Он как будто был в недоумении. Он делал шага два и вдруг останавливался посреди комнаты или скорыми шагами отмеривал два-три конца от одного угла до другого. Казалось, его посетила непривычная дума.
На кресле близ стола сидел невысокого роста, полный человек, с крестом на шее, в застёгнутом наглухо фраке, положив одну ногу на другую. Недоставало только в руках трости с большим золотым набалдашником, той классической трости, по которой читатель, бывало, сейчас узнавал доктора в романах и повестях. Может быть, доктору и пристала эта булава, с которой он от нечего делать прогуливается пешком и по целым часам просиживает у больных, утешает их и часто в лице своём соединяет две-три роли: медика, практического философа, друга дома и т. п. Но всё это хорошо там, где живут на раздолье, на просторе, болеют редко и где доктор – больше роскошь, чем необходимость. А доктор Петра Иваныча был петербургский доктор. Он не знал, что значит ходить пешком, хотя и предписывал больным моцион.
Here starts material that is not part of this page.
(* Let $0\le N\le M-1$, let $x=(x_1<\dots<x_N)$ and $y=(y_1<\dots<y_{N+1})$ be subsets of $\{1,\dots,M\}$, and likewise $\overline{x}=(\overline{x_1}<\dots<\overline{x_N})$, $\overline{y}=(\overline{y_1}<\dots<\overline{y_{N+1}})$. Then \begin{align*} \langle y_1\cdots y_{N+1}|B(u)|x_1\cdots x_N\rangle&=G_{y,x}(u),& \langle\overline{x_1}\cdots\overline{x_N}|B(u)|\overline{y_1}\cdots\overline{y_{N+1}}\rangle&=H_{\overline{y},\overline{x}}(u),\\ \langle x_1\cdots x_N|C(u)|y_1\cdots y_{N+1}\rangle&=\overline{G}_{y,x}(u),& \langle\overline{y_1}\cdots\overline{y_{N+1}}|C(u)|\overline{x_1}\cdots\overline{x_N}\rangle&=\overline{H}_{\overline{y},\overline{x}}(u). \end{align*}
   Context: Fix complex parameters $t,a,b,c,d,e,f$, all nonzero, with $t\neq1$, satisfying $cd+af=0$ and $tcd+be=0$. The $L$-operator $L_{aj}(u)$ on $W_a\otimes V_j$ ($\cong\mathbb{C}^2\otimes\mathbb{C}^2$, basis $|0\rangle,|1\rangle$) has matrix elements $[L(u)]^{\gamma\delta}_{\alpha\beta}={}_a\langle\gamma|{}_j\langle\delta|L_{aj}(u)|\alpha\rangle_a|\beta\rangle_j$: $[L]^{00}_{00}=au+b$, $[L]^{01}_{01}=atu+b$, $[L]^{01}_{10}=(1-t)cu$, $[L]^{10}_{01}=(1-t)d$, $[L]^{10}_{10}=eu+f$, $[L]^{11}_{11}=eu+tf$, all others $0$. Monodromy $T_a(u)=L_{aM}(u)\cdots L_{a1}(u)$, $B(u)={}_a\langle0|T_a(u)|1\rangle_a$, $C(u)={}_a\langle1|T_a(u)|0\rangle_a$, acting on $V_1\otimes\cdots\otimes V_M$. $|x_1\cdots x_N\rangle$ is the basis tensor with $|1\rangle$ at sites $x_j$ and $|0\rangle$ elsewhere; $|\overline{x_1}\cdots\overline{x_N}\rangle$ is the basis tensor with $|0\rangle$ at sites $\overline{x_j}$ and $|1\rangle$ elsewhere; bras are duals. For strictly increasing $y=(y_1<\dots<y_{N+1})$, $x=(x_1<\dots<x_N)$ write $y\succ x$ if $y_1\le x_1\le y_2\le x_2\le\cdots\le x_N\le y_{N+1}$. For $y\succ x$, let $p_1<\dots<p_{k+1}$ be the $y_j$ ($1\le j\le N+1$) with $y_j\notin\{x_j,x_{j-1}\}$ (ignoring undefined $x_0,x_{N+1}$), let $q_1<\dots<q_k$ be the $x_j$ with $x_j\notin\{y_j,y_{j+1}\}$, and set $q_0=0$, $q_{k+1}=M+1$. For integers $\alpha<\beta$ put $n_x(\alpha,\beta)=\#\{\ell:\alpha<x_\ell<\beta\}$. Define $G_{y,x}(u)=((1-t)cu)^{k+1}((1-t)d)^k\prod_{j=1}^{k+1}(atu+b)^{n_x(p_j,q_j)}(au+b)^{q_j-p_j-1-n_x(p_j,q_j)}(eu+tf)^{n_x(q_{j-1},p_j)}(eu+f)^{p_j-q_{j-1}-1-n_x(q_{j-1},p_j)}$, $\overline{G}_{y,x}(u)=((1-t)d)^{k+1}((1-t)cu)^k\prod_{j=1}^{k+1}(eu+tf)^{n_x(p_j,q_j)}(eu+f)^{q_j-p_j-1-n_x(p_j,q_j)}(atu+b)^{n_x(q_{j-1},p_j)}(au+b)^{p_j-q_{j-1}-1-n_x(q_{j-1},p_j)}$, and $G_{y,x}(u)=\overline{G}_{y,x}(u)=0$ if not $y\succ x$. For hole sequences $\overline{y},\overline{x}$, with $\overline{y}\succ\overline{x}$, $\overline{p_j},\overline{q_j}$ and $n_{\overline{x}}$ defined in the same way from $\overline{y},\overline{x}$ ($\overline{q_0}=0$, $\overline{q_{k+1}}=M+1$), define $H_{\overline{y},\overline{x}}(u)=((1-t)cu)^{k+1}((1-t)d)^k\prod_{j=1}^{k+1}(au+b)^{n_{\overline{x}}(\overline{p_j},\overline{q_j})}(atu+b)^{\overline{q_j}-\overline{p_j}-1-n_{\overline{x}}(\overline{p_j},\overline{q_j})}(eu+f)^{n_{\overline{x}}(\overline{q_{j-1}},\overline{p_j})}(eu+tf)^{\overline{p_j}-\overline{q_{j-1}}-1-n_{\overline{x}}(\overline{q_{j-1}},\overline{p_j})}$, $\overline{H}_{\overline{y},\overline{x}}(u)=((1-t)d)^{k+1}((1-t)cu)^k\prod_{j=1}^{k+1}(eu+f)^{n_{\overline{x}}(\overline{p_j},\overline{q_j})}(eu+tf)^{\overline{q_j}-\overline{p_j}-1-n_{\overline{x}}(\overline{p_j},\overline{q_j})}(au+b)^{n_{\overline{x}}(\overline{q_{j-1}},\overline{p_j})}(atu+b)^{\overline{p_j}-\overline{q_{j-1}}-1-n_{\overline{x}}(\overline{q_{j-1}},\overline{p_j})}$, and both are $0$ if not $\overline{y}\succ\overline{x}$. *)

theory Defs
  imports Complex_Main
begin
Он член какого-то совета, секретарь какого-то общества, и профессор, и врач нескольких казённых заведений, и врач для бедных, и непременный посетитель всех консультаций; у него и огромная практика. Он не снимает даже перчатки с левой руки, не снимал бы и с правой, если б не надо было щупать пульса; не расстёгивает никогда фрака и почти не садится. Доктор уж не раз перекладывал от нетерпения то левую ногу на правую, то правую на левую. Ему давно пора ехать, а Пётр Иваныч всё ничего не говорит. Наконец.
– Что делать, доктор? – спросил Пётр Иваныч, вдруг остановясь перед ним.
– Ехать в Киссинген, – отвечал доктор, – одно средство. У вас припадки стали повторяться слишком часто…
– Э! вы всё обо мне! – перебил Пётр Иваныч, – я вам говорю о жене. Мне за пятьдесят лет, а она в цветущей поре, ей надо жить; и если здоровье её начинает угасать с этих пор…
– Вот уж и угасать! – заметил доктор. – Я сообщил вам только свои опасения на будущее время, а теперь ещё нет ничего… Я только хотел сказать, что здоровье её… или не здоровье, а так она… как будто не в нормальном положении…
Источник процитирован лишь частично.